[PROVIDED RECORDS Boundary: Start]

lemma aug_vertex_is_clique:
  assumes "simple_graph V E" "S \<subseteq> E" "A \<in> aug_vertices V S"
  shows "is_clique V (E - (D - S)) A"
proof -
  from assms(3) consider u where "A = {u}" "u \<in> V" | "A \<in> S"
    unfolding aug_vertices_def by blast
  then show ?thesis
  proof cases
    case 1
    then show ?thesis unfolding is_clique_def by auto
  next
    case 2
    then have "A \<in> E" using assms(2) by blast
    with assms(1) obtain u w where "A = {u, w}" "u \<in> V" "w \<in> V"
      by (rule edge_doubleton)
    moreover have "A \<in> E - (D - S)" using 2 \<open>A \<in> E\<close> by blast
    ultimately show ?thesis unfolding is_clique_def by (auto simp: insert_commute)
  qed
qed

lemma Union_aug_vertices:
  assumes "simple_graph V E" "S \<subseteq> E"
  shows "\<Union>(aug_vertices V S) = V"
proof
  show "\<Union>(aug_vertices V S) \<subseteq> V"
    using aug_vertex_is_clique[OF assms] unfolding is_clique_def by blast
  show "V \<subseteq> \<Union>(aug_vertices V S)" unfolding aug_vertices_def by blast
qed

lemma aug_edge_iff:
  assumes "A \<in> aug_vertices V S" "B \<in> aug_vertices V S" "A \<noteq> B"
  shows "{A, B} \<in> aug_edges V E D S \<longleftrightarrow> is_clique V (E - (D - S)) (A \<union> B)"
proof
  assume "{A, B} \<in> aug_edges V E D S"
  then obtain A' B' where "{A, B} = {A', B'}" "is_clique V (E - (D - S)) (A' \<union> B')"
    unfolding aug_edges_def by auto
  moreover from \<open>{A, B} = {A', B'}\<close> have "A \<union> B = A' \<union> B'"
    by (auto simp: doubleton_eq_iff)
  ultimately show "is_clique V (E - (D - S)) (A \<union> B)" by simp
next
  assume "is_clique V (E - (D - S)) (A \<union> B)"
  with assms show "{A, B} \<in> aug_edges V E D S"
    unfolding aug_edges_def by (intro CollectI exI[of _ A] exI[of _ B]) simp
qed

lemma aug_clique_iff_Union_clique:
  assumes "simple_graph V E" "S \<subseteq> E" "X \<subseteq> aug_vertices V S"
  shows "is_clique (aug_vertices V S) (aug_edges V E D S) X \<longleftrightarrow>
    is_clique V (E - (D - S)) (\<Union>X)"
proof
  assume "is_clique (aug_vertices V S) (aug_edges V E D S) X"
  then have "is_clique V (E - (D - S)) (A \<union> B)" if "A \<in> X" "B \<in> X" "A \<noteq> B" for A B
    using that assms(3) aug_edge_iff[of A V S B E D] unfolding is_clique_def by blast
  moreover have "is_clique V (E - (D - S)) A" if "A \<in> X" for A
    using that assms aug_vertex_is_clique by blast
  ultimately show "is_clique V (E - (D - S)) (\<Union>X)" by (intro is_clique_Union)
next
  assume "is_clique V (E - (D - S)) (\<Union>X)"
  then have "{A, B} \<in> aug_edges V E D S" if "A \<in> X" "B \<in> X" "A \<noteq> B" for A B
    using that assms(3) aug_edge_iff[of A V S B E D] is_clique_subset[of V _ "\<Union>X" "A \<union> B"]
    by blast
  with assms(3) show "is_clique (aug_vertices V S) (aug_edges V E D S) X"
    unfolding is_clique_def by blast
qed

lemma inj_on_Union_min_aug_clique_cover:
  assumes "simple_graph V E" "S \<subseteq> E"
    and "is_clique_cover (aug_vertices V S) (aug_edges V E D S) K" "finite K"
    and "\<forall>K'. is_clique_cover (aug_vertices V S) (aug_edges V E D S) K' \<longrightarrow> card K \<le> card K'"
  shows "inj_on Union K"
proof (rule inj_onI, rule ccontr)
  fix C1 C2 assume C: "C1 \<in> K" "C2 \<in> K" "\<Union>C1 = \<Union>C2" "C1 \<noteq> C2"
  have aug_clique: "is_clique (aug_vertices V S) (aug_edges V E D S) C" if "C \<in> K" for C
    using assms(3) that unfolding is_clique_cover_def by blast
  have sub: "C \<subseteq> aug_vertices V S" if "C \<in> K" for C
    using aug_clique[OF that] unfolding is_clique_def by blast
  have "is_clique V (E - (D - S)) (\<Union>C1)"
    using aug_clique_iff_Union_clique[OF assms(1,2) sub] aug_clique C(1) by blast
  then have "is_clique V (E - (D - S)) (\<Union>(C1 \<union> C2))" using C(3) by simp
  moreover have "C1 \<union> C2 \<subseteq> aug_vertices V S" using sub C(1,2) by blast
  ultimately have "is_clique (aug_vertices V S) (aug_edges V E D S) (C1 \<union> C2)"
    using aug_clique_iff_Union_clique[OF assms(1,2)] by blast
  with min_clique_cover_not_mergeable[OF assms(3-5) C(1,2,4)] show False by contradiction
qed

[PROVIDED RECORDS Boundary: End]

All of the entries above are to be printed again exactly.

lemma aug_vertex_is_clique:
  assumes "simple_graph V E" "S \<subseteq> E" "A \<in> aug_vertices V S"
  shows "is_clique V (E - (D - S)) A"
proof -
  from assms(3) consider u where "A = {u}" "u \<in> V" | "A \<in> S"
    unfolding aug_vertices_def by blast
  then show ?thesis
  proof cases
    case 1
    then show ?thesis unfolding is_clique_def by auto
  next
    case 2
    then have "A \<in> E" using assms(2) by blast
    with assms(1) obtain u w where "A = {u, w}" "u \<in> V" "w \<in> V"
      by (rule edge_doubleton)
    moreover have "A \<in> E - (D - S)" using 2 \<open>A \<in> E\<close> by blast
    ultimately show ?thesis unfolding is_clique_def by (auto simp: insert_commute)
  qed
qed

lemma Union_aug_vertices:
  assumes "simple_graph V E" "S \<subseteq> E"
  shows "\<Union>(aug_vertices V S) = V"
proof
  show "\<Union>(aug_vertices V S) \<subseteq> V"
    using aug_vertex_is_clique[OF assms] unfolding is_clique_def by blast
  show "V \<subseteq> \<Union>(aug_vertices V S)" unfolding aug_vertices_def by blast
qed

lemma aug_edge_iff:
  assumes "A \<in> aug_vertices V S" "B \<in> aug_vertices V S" "A \<noteq> B"
  shows "{A, B} \<in> aug_edges V E D S \<longleftrightarrow> is_clique V (E - (D - S)) (A \<union> B)"
proof
  assume "{A, B} \<in> aug_edges V E D S"
  then obtain A' B' where "{A, B} = {A', B'}" "is_clique V (E - (D - S)) (A' \<union> B')"
    unfolding aug_edges_def by auto
  moreover from \<open>{A, B} = {A', B'}\<close> have "A \<union> B = A' \<union> B'"
    by (auto simp: doubleton_eq_iff)
  ultimately show "is_clique V (E - (D - S)) (A \<union> B)" by simp
next
  assume "is_clique V (E - (D - S)) (A \<union> B)"
  with assms show "{A, B} \<in> aug_edges V E D S"
    unfolding aug_edges_def by (intro CollectI exI[of _ A] exI[of _ B]) simp
qed

lemma aug_clique_iff_Union_clique:
  assumes "simple_graph V E" "S \<subseteq> E" "X \<subseteq> aug_vertices V S"
  shows "is_clique (aug_vertices V S) (aug_edges V E D S) X \<longleftrightarrow>
    is_clique V (E - (D - S)) (\<Union>X)"
proof
  assume "is_clique (aug_vertices V S) (aug_edges V E D S) X"
  then have "is_clique V (E - (D - S)) (A \<union> B)" if "A \<in> X" "B \<in> X" "A \<noteq> B" for A B
    using that assms(3) aug_edge_iff[of A V S B E D] unfolding is_clique_def by blast
  moreover have "is_clique V (E - (D - S)) A" if "A \<in> X" for A
    using that assms aug_vertex_is_clique by blast
  ultimately show "is_clique V (E - (D - S)) (\<Union>X)" by (intro is_clique_Union)
next
  assume "is_clique V (E - (D - S)) (\<Union>X)"
  then have "{A, B} \<in> aug_edges V E D S" if "A \<in> X" "B \<in> X" "A \<noteq> B" for A B
    using that assms(3) aug_edge_iff[of A V S B E D] is_clique_subset[of V _ "\<Union>X" "A \<union> B"]
    by blast
  with assms(3) show "is_clique (aug_vertices V S) (aug_edges V E D S) X"
    unfolding is_clique_def by blast
qed

lemma inj_on_Union_min_aug_clique_cover:
  assumes "simple_graph V E" "S \<subseteq> E"
    and "is_clique_cover (aug_vertices V S) (aug_edges V E D S) K" "finite K"
    and "\<forall>K'. is_clique_cover (aug_vertices V S) (aug_edges V E D S) K' \<longrightarrow> card K \<le> card K'"
  shows "inj_on Union K"
proof (rule inj_onI, rule ccontr)
  fix C1 C2 assume C: "C1 \<in> K" "C2 \<in> K" "\<Union>C1 = \<Union>C2" "C1 \<noteq> C2"
  have aug_clique: "is_clique (aug_vertices V S) (aug_edges V E D S) C" if "C \<in> K" for C
    using assms(3) that unfolding is_clique_cover_def by blast
  have sub: "C \<subseteq> aug_vertices V S" if "C \<in> K" for C
    using aug_clique[OF that] unfolding is_clique_def by blast
  have "is_clique V (E - (D - S)) (\<Union>C1)"
    using aug_clique_iff_Union_clique[OF assms(1,2) sub] aug_clique C(1) by blast
  then have "is_clique V (E - (D - S)) (\<Union>(C1 \<union> C2))" using C(3) by simp
  moreover have "C1 \<union> C2 \<subseteq> aug_vertices V S" using sub C(1,2) by blast
  ultimately have "is_clique (aug_vertices V S) (aug_edges V E D S) (C1 \<union> C2)"
    using aug_clique_iff_Union_clique[OF assms(1,2)] by blast
  with min_clique_cover_not_mergeable[OF assms(3-5) C(1,2,4)] show False by contradiction
qed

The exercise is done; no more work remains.